*** Opening of Records to use ***
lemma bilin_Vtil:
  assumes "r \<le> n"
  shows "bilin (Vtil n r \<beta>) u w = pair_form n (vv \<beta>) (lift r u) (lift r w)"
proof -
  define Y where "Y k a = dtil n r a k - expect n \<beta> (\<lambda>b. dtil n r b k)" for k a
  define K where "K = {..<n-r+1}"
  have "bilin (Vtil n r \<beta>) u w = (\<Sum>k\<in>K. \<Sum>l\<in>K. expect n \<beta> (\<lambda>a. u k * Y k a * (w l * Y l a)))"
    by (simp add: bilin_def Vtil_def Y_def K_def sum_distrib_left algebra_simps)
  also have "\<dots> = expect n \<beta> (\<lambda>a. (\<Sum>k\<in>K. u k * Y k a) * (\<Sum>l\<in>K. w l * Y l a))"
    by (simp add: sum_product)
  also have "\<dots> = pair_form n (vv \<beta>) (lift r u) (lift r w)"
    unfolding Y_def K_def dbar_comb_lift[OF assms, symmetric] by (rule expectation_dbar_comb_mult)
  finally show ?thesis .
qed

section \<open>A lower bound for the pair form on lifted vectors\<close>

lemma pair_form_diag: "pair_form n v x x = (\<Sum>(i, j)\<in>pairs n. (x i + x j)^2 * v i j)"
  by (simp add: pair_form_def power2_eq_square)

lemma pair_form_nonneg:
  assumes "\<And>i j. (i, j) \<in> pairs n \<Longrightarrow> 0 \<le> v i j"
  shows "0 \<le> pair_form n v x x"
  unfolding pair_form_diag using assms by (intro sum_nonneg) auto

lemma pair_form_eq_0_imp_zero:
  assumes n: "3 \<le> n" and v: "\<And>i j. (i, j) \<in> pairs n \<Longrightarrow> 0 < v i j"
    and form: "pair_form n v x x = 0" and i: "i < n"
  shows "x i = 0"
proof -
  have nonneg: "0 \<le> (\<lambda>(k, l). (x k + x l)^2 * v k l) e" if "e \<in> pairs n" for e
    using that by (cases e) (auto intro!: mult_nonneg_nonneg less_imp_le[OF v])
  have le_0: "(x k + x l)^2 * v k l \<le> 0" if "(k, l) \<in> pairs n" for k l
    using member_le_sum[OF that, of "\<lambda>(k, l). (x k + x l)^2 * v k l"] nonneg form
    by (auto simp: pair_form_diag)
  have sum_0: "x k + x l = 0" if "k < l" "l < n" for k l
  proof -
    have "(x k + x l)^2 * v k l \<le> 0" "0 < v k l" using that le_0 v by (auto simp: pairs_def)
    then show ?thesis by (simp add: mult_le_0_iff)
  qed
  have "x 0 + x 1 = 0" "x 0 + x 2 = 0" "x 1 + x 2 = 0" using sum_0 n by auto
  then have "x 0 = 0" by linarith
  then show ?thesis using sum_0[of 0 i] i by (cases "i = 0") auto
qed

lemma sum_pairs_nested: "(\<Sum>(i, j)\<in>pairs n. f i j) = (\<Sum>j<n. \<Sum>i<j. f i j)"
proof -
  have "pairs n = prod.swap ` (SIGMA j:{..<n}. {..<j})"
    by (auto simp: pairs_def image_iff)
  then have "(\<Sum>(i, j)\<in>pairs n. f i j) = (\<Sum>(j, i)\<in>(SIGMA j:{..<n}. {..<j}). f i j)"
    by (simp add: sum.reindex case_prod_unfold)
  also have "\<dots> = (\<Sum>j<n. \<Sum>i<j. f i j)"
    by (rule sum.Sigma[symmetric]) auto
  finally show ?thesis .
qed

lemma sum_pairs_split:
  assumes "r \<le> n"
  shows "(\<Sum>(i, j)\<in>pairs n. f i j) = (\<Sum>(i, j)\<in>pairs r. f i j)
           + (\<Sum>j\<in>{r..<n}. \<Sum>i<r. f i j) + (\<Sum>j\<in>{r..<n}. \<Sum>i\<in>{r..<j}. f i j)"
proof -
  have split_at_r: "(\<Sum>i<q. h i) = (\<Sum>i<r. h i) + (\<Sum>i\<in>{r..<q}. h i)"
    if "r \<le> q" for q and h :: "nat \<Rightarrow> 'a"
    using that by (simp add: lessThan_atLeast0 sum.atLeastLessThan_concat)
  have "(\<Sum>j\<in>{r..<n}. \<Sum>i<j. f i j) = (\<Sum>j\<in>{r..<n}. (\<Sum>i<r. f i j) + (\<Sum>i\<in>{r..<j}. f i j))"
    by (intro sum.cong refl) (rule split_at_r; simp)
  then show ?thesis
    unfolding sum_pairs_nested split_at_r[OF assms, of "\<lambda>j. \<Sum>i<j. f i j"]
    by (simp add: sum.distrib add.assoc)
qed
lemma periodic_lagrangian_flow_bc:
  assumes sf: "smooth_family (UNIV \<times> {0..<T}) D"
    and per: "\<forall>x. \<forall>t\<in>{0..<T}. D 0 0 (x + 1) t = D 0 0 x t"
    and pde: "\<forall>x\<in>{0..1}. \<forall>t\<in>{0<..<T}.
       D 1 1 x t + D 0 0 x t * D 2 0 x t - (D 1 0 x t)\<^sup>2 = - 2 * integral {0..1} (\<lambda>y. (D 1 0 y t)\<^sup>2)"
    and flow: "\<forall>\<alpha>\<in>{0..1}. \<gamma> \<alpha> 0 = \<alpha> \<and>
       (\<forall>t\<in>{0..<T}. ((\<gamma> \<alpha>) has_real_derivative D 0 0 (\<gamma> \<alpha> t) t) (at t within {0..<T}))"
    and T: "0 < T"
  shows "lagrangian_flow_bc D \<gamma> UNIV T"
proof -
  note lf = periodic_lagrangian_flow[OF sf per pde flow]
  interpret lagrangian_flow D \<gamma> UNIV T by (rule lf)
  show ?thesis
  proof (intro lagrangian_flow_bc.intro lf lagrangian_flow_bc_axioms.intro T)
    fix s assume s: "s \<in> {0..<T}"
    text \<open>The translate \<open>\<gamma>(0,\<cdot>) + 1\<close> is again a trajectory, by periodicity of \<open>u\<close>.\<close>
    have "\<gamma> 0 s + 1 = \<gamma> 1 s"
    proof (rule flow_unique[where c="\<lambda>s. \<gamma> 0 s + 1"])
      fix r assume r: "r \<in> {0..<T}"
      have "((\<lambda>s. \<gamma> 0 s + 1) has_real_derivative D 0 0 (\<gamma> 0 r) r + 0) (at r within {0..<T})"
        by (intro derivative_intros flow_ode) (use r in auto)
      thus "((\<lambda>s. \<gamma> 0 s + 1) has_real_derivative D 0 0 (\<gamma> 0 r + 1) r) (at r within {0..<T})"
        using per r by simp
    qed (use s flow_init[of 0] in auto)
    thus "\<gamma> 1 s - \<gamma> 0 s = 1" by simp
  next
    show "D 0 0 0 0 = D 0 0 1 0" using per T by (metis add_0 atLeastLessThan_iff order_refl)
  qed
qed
*** Close of Records to use ***
» **Exercise**:
Search the data for the word "intro" and copy each line where it appears.

» **Your solution**:
  unfolding pair_form_diag using assms by (intro sum_nonneg) auto
    using that by (cases e) (auto intro!: mult_nonneg_nonneg less_imp_le[OF v])
    by (intro sum.cong refl) (rule split_at_r; simp)
  proof (intro lagrangian_flow_bc.intro lf lagrangian_flow_bc_axioms.intro T)
        by (intro derivative_intros flow_ode) (use r in auto)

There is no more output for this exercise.